Surgical Tools of Ancient Rome

Those crazy Romans and their medical techniques! The R.D.T. has a frighteningly extensive collection of these crude, bronze implements. Pictured at the right are some bone levers. The Romans also used bronze bloodletting devices, speculums, forceps, and - eek - male catheters. Needless to say, very dangerous compared to modern medicine.

Cabinets of FDA Disapproved Drugs

The Food and Drug Administration requires extensive safety testing of any proposed medicine.

Within these blue-glassed cabinets are the ones that the FDA really, really rejected.

Gallery of Conditions

A brilliant but terribly insane and misguided medical doctor invented a process several years ago to distill disease from any living human.

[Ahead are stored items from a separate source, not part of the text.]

lemma F_rel_least:
  assumes "F_gen X act \<subseteq> R" "refl R" "sym R" "trans R"
  shows "F_rel X act \<subseteq> R"
proof (rule subrelI)
  fix p q
  assume "(p, q) \<in> F_rel X act"
  then show "(p, q) \<in> R"
    unfolding F_rel_def
  proof (induction rule: rtrancl_induct)
    case base
    show ?case
      using assms(2) by (meson UNIV_I refl_onD)
  next
    case (step q r)
    from step(2) have "(q, r) \<in> R"
    proof (elim UnE)
      assume "(q, r) \<in> Id_on (Sb \<times> X)"
      then show ?thesis
        using assms(2) by (auto dest: refl_onD)
    next
      assume "(q, r) \<in> F_gen X act"
      then show ?thesis
        using assms(1) by blast
    next
      assume "(q, r) \<in> (F_gen X act)\<inverse>"
      then show ?thesis
        using assms(1,3) by (auto dest: symD)
    qed
    then show ?case
      using step.IH assms(4) by (blast dest: transD)
  qed
qed

lemma F_rel_class_eq: "(p, q) \<in> F_rel X act \<Longrightarrow> F_rel X act `` {p} = F_rel X act `` {q}"
  using sym_F_rel F_rel_trans by (blast dest: symD)

lemma F_rel_class_eqD: "F_rel X act `` {p} = F_rel X act `` {q} \<Longrightarrow> (p, q) \<in> F_rel X act"
  using F_rel_refl by blast

lemma F_rel_genI: "(p, q) \<in> F_gen X act \<Longrightarrow> (p, q) \<in> F_rel X act"
  unfolding F_rel_def by blast

lemma F_rel_actI: "m \<in> Sb \<Longrightarrow> g \<in> Perm \<Longrightarrow> x \<in> X \<Longrightarrow> ((m, act g x), (m \<circ> g, x)) \<in> F_rel X act"
  by (rule F_rel_genI) (auto simp: F_gen_def)

lemma F_rel_supportI:
  assumes "m \<in> Sb" "m' \<in> Sb" "x \<in> X" "finite C" "supports Perm act C x" "\<forall>a\<in>C. m a = m' a"
  shows "((m, x), (m', x)) \<in> F_rel X act"
proof (rule F_rel_genI)
  show "((m, x), (m', x)) \<in> F_gen X act"
    unfolding F_gen_def using assms by blast
qed

lemma F_genE:
  assumes "(p, q) \<in> F_gen X act"
  obtains (perm) m g x where "p = (m, act g x)" "q = (m \<circ> g, x)" "m \<in> Sb" "g \<in> Perm" "x \<in> X"
  | (support) m m' x C where "p = (m, x)" "q = (m', x)" "m \<in> Sb" "m' \<in> Sb" "x \<in> X"
      "finite C" "supports Perm act C x" "\<forall>a\<in>C. m a = m' a"
  using assms unfolding F_gen_def by blast
(* Let $u=0$, $\theta=1$ and $m\in\mathbb N$. If $y_1<y_2<0$, then $D_{y_1}\subseteq D_{y_2}$.
   Context: With $u=0$, $\theta=1$ and $m\in\mathbb N$ fixed, for $y<0$ let $D_y$ be the set of $\mu\in\mathbb C$ such that every root $\xi$ of the polynomial equation $\xi^{m+1}-\xi^m=y\,\xi^{m+1}-y\mu\,\xi$ satisfies $|\xi|<1$. *)

theory Defs
  imports Complex_Main
begin

definition D :: "nat \<Rightarrow> real \<Rightarrow> complex set" where
  "D m y = {\<mu>. \<forall>\<xi>::complex.
      \<xi> ^ (m + 1) - \<xi> ^ m = complex_of_real y * \<xi> ^ (m + 1) - complex_of_real y * \<mu> * \<xi>
      \<longrightarrow> cmod \<xi> < 1}"

end

theory Submission
  imports Defs "HOL-Complex_Analysis.Conformal_Mappings"
begin
text \<open>m^k for positive integer m and complex k: exp(k log m); complex powr agrees.\<close>
definition sigma_kc :: "complex \<Rightarrow> complex \<Rightarrow> nat \<Rightarrow> complex" where
  "sigma_kc k c n = (\<Sum>d | d dvd n. (of_nat d) powr k * c ^ d)"

end

theory Submission
  imports Defs
begin

text \<open>
  Both sides are linear in the weights \<open>f j = j powr k * c ^ j\<close>, so it suffices to compare the
  coefficients of each \<open>f m\<close>.  Telescoping in \<open>m\<close> (Pascal's rule on the right) reduces this
  to: the signed number of distinct partitions of \<open>n\<close> with smallest part \<open>m\<close> equals the sum of
  \<open>(-1) ^ (\<ell> - m) * (\<nu> choose (\<ell> - m))\<close> over the partitions with \<open>\<nu>\<close> part sizes and largest
  part \<open>\<ell> \<ge> m\<close>.

  After conjugation that sum counts, with sign \<open>(-1) ^ card U\<close>, pairs of a partition \<open>p\<close> and
  a set \<open>U\<close> of its part sizes with \<open>card U + m = #p\<close>.  Removing \<open>U\<close> from \<open>p\<close> leaves a partition
  with \<open>m\<close> parts; its conjugate minus one part \<open>m\<close> is a partition \<open>\<gamma>\<close> with parts \<open>\<le> m\<close> and
  \<open>\<Sum>U + |\<gamma>| + m = n\<close>.  Moving the least element \<open>\<le> m\<close> of \<open>U \<union> \<gamma>\<close> from one side to the other
  is a sign-reversing involution, whose fixed points (\<open>\<gamma>\<close> empty, \<open>U\<close> above \<open>m\<close>) are exactly
  the distinct partitions \<open>{m} \<union> U\<close> with smallest part \<open>m\<close>.

  The partitions with a single part size \<open>d\<close> contribute \<open>sigma_kc k c n\<close>.
\<close>

section \<open>Conjugate partitions\<close>

definition parts_ge :: "nat multiset \<Rightarrow> nat \<Rightarrow> nat" where
  "parts_ge \<pi> i = size {#x \<in># \<pi>. i \<le> x#}"

definition conjugate :: "nat multiset \<Rightarrow> nat multiset" where
  "conjugate \<pi> = image_mset (parts_ge \<pi>) (mset_set {i. 0 < i \<and> 0 < parts_ge \<pi> i})"

lemma parts_ge_empty [simp]: "parts_ge {#} i = 0"
  by (simp add: parts_ge_def)

lemma parts_ge_add_mset [simp]:
  "parts_ge (add_mset x \<pi>) i = parts_ge \<pi> i + (if i \<le> x then 1 else 0)"
  by (simp add: parts_ge_def)

lemma parts_ge_pos_iff: "0 < parts_ge \<pi> i \<longleftrightarrow> (\<exists>x\<in>#\<pi>. i \<le> x)"
  by (induction \<pi>) auto

lemma parts_ge_Suc: "parts_ge \<pi> x = parts_ge \<pi> (Suc x) + count \<pi> x"
  by (induction \<pi>) auto

lemma parts_ge_antimono: "i \<le> i' \<Longrightarrow> parts_ge \<pi> i' \<le> parts_ge \<pi> i"
  by (induction \<pi>) auto

lemma parts_ge_1: "\<forall>x\<in>#\<pi>. 0 < x \<Longrightarrow> parts_ge \<pi> 1 = size \<pi>"
  by (induction \<pi>) auto
(* Fix nonnegative integers $p,q,p',q'$, set $k=p+q$, $n=p+q+p'+q'$, and $H=O(p,q)\times O(p',q')$. For $r,s\ge0$ let $\mathbb T^{r,s}=(\mathbb R^{k*})^{\otimes r}\otimes(\mathbb R^{n-k\,*})^{\otimes s}$ with its natural $H$-action. Let $\mathbf T=\mathbb T^{r_1,s_1}\oplus\cdots\oplus\mathbb T^{r_L,s_L}$ for some nonnegative integers $r_i,s_i$, and let $\mathcal E\subset\mathbf T$ be a nonempty $H$-invariant subset. If $P$ is a polynomial on $\mathbf T$ whose restriction to $\mathcal E$ is $H$-invariant, then there is a polynomial $P'$ on $\mathbf T$ which is $H$-invariant on all of $\mathbf T$ and satisfies $P'=P$ on $\mathcal E$.
   Context: $O(p,q)$ acts on $\mathbb R^k$ preserving a quadratic form of signature $(p,q)$ and $O(p',q')$ acts on $\mathbb R^{n-k}$ preserving a form of signature $(p',q')$; $H$ acts on $\mathbb T^{r,s}$ by the induced action on duals and tensor products, and diagonally on $\mathbf T$. *)

theory Defs
  imports Complex_Main
begin

definition eta :: "nat \<Rightarrow> nat \<Rightarrow> real" where
  "eta p i = (if i < p then 1 else -1)"

definition Ogrp :: "nat \<Rightarrow> nat \<Rightarrow> (nat \<Rightarrow> nat \<Rightarrow> real) set" where
  "Ogrp p q = {A. \<forall>i<p+q. \<forall>j<p+q.
      (\<Sum>l<p+q. A l i * eta p l * A l j) = (if i = j then eta p i else 0)}"

text \<open>Inverse of A in O(p,q): eta A^T eta.\<close>
definition Oinv :: "nat \<Rightarrow> (nat \<Rightarrow> nat \<Rightarrow> real) \<Rightarrow> nat \<Rightarrow> nat \<Rightarrow> real" where
  "Oinv p A = (\<lambda>i j. eta p i * A j i * eta p j)"

definition Hgrp :: "nat \<Rightarrow> nat \<Rightarrow> nat \<Rightarrow> nat \<Rightarrow> ((nat \<Rightarrow> nat \<Rightarrow> real) \<times> (nat \<Rightarrow> nat \<Rightarrow> real)) set" where
  "Hgrp p q p' q' = Ogrp p q \<times> Ogrp p' q'"

definition tuples :: "nat \<Rightarrow> nat \<Rightarrow> nat list set" where
  "tuples d r = {I. length I = r \<and> set I \<subseteq> {..<d}}"

text \<open>Coordinates of T = T^{r_0,s_0} + ... + T^{r_(L-1),s_(L-1)}: a coordinate is
  (summand index i, multi-index into (R^k)^r_i, multi-index into (R^(n-k))^s_i).\<close>
definition Idx :: "nat \<Rightarrow> nat \<Rightarrow> nat \<Rightarrow> nat \<Rightarrow> nat \<Rightarrow> (nat \<Rightarrow> nat) \<Rightarrow> (nat \<Rightarrow> nat)
    \<Rightarrow> (nat \<times> nat list \<times> nat list) set" where
  "Idx p q p' q' L r s = {(i, I, J). i < L \<and> I \<in> tuples (p+q) (r i) \<and> J \<in> tuples (p'+q') (s i)}"
(* Under the standing assumptions below, for any $\gamma\in\mathbb R^I_+$, $x\in\mathcal X$, $s\in\mathcal S$ and $\phi\in\mathbb R^I$, we have $W(\gamma,x,s,\phi)=D(\gamma,x,s)$ if and only if there exists $\phi_D\in\partial D(\gamma,x,s)$ with $\phi\le\phi_D$ componentwise.
   Context: Setup. Let $\mathcal S$ be a finite set and $(s_t)_{t\ge0}$ a Markov chain on $\mathcal S$ with transition probabilities $\pi(s'|s)>0$ for all $s,s'\in\mathcal S$; for $s^t=(s_0,\dots,s_t)\in\mathcal S^{t+1}$, $\mathbb E_{s^t}$ (or $\mathbb E_{s_t}$) denotes expectation over future shocks given $s^t$. Let $\mathcal A\subset\mathbb R^n$ be a finite set, $\mathcal X\subseteq\mathbb R^m$ a countable set, $\zeta:\mathcal X\times\mathcal A\times\mathcal S\to\mathcal X$, $p:\mathcal X\times\mathcal A\times\mathcal S\to\mathbb R$, $r,g^1,\dots,g^I$ bounded real functions on $\mathcal X\times\mathcal A\times\mathcal S$, $\bar g^i\in\mathbb R$, $\beta\in(0,1)$. A plan is $a=(a(s^t))_{t,s^t}$, $a(s^t)\in\mathcal A$, inducing $x(s^0)=x_0$, $x(s^{t+1})=\zeta(x(s^t),a(s^t),s_t)$. $\tilde{\mathcal A}(x,s)=\{a\in\mathcal A:p(x,a,s)\ge0\}$; $\tilde{\mathcal A}^\infty(x_0)$ is the set of plans with $a(s^t)\in\tilde{\mathcal A}(x(s^t),s_t)$ for all $t,s^t$. A plan is feasible for $(x_0,s_0)$ if it lies in $\tilde{\mathcal A}^\infty(x_0)$ and $\mathbb E_{s_t}\sum_{n\ge0}\beta^ng^i(x(s^{t+n}),a(s^{t+n}),s_{t+n})\ge\bar g^i$ for all $t,s^t,i$. Standing assumption: for every $(x_0,s_0)$ a feasible plan exists. Pre-action histories: $\mathcal H^t=\mathcal S^{t+1}\times\mathcal A^t$. Ex-ante lottery problem. Give $\tilde{\mathcal A}^\infty(x_0)$ the product topology and let $\mathcal P(\tilde{\mathcal A}^\infty(x_0))$ be the set of Borel probability measures on it; a random plan $a\sim P$ is drawn independently of the shocks. $P$ is feasible for $(x_0,s_0)$ if for all $t\ge0$, all $h^t=(s_0,\tilde a_0,\dots,s_{t-1},\tilde a_{t-1},s_t)\in\mathcal H^t$ and all $i$, $\mathbb E^{a\sim P}_{s^t}\big[\mathbf 1\{(a(s^0),\dots,a(s^{t-1}))=(\tilde a_0,\dots,\tilde a_{t-1})\}(\sum_{n\ge0}\beta^ng^i(x(s^{t+n}),a(s^{t+n}),s_{t+n})-\bar g^i)\big]\ge0$ ($s^t$ the shock history in $h^t$). For $\gamma\in\mathbb R^I$, $V(\gamma,x_0,s_0)$ is the maximum of $\mathbb E^{a\sim P}_{s_0}\sum_t\beta^t(r(x(s^t),a(s^t),s_t)+\sum_i\gamma^ig^i(x(s^t),a(s^t),s_t))$ over feasible $P$ (it exists, and for $\gamma\in\mathbb R^I_+$ it equals the dual value function $D(\gamma,x_0,s_0)=\inf_{\lambda}\sup_{a}L$ of the Lagrangian with nonnegative summable history-dependent multipliers). $\gamma\mapsto V(\gamma,x,s)$ is a finite convex function on $\mathbb R^I$; $\partial D(\gamma,x,s)$ denotes its subdifferential at $\gamma$. Promised-value problem: $W(\gamma,x_0,s_0,\phi)$ is the supremum of the same objective over feasible $P$ that additionally satisfy $\mathbb E^{a\sim P}_{s_0}\sum_{t\ge0}\beta^tg^i(x(s^t),a(s^t),s_t)\ge\phi^i$ for all $i$ (equal to $-\infty$ if no such $P$ exists). *)

theory Defs
  imports "HOL-Analysis.Analysis" "HOL-Probability.Probability"
begin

It was an inspired attempt to cure them, but unfortunately, it also involved a hideous and excruciating death. He kept these experiments secret, hoping to find a disease he could extract without killing anyone. The doctor eventually met his own end after being stabbed accidentally in the eye with a fork at a dinner party. The officials sent to clean out his offices found a charming and brightly colored (and oddly labeled) collection of jars. Upon inhaling a whiff of gonorrhea, the head official decided that "locked up and far the Hell away from me" was the best place for the several hundred bottles.

The Muscle Liquidifier

Invented by the Russians during the 1970s, this curious-looking device uses hypersonic sound waves (they travel through those big stabbing parts) to reduce solid muscle into a watery, gelatinous mass. The original goal was surgical. Used in very localized areas, the muscle would soften temporarily, allowing surgeons to operate beneath muscle without cutting it or requiring physical therapy. At one point however, someone got the bright idea to dispatch international secret agents with it. They made the levels go to "eleven" and gave many a swanky spy a final resting place in a puddle of their own Jell-O. Upon the collapse of the U.S.S.R., the CIA confiscated the device and turned it over to the R.D.T.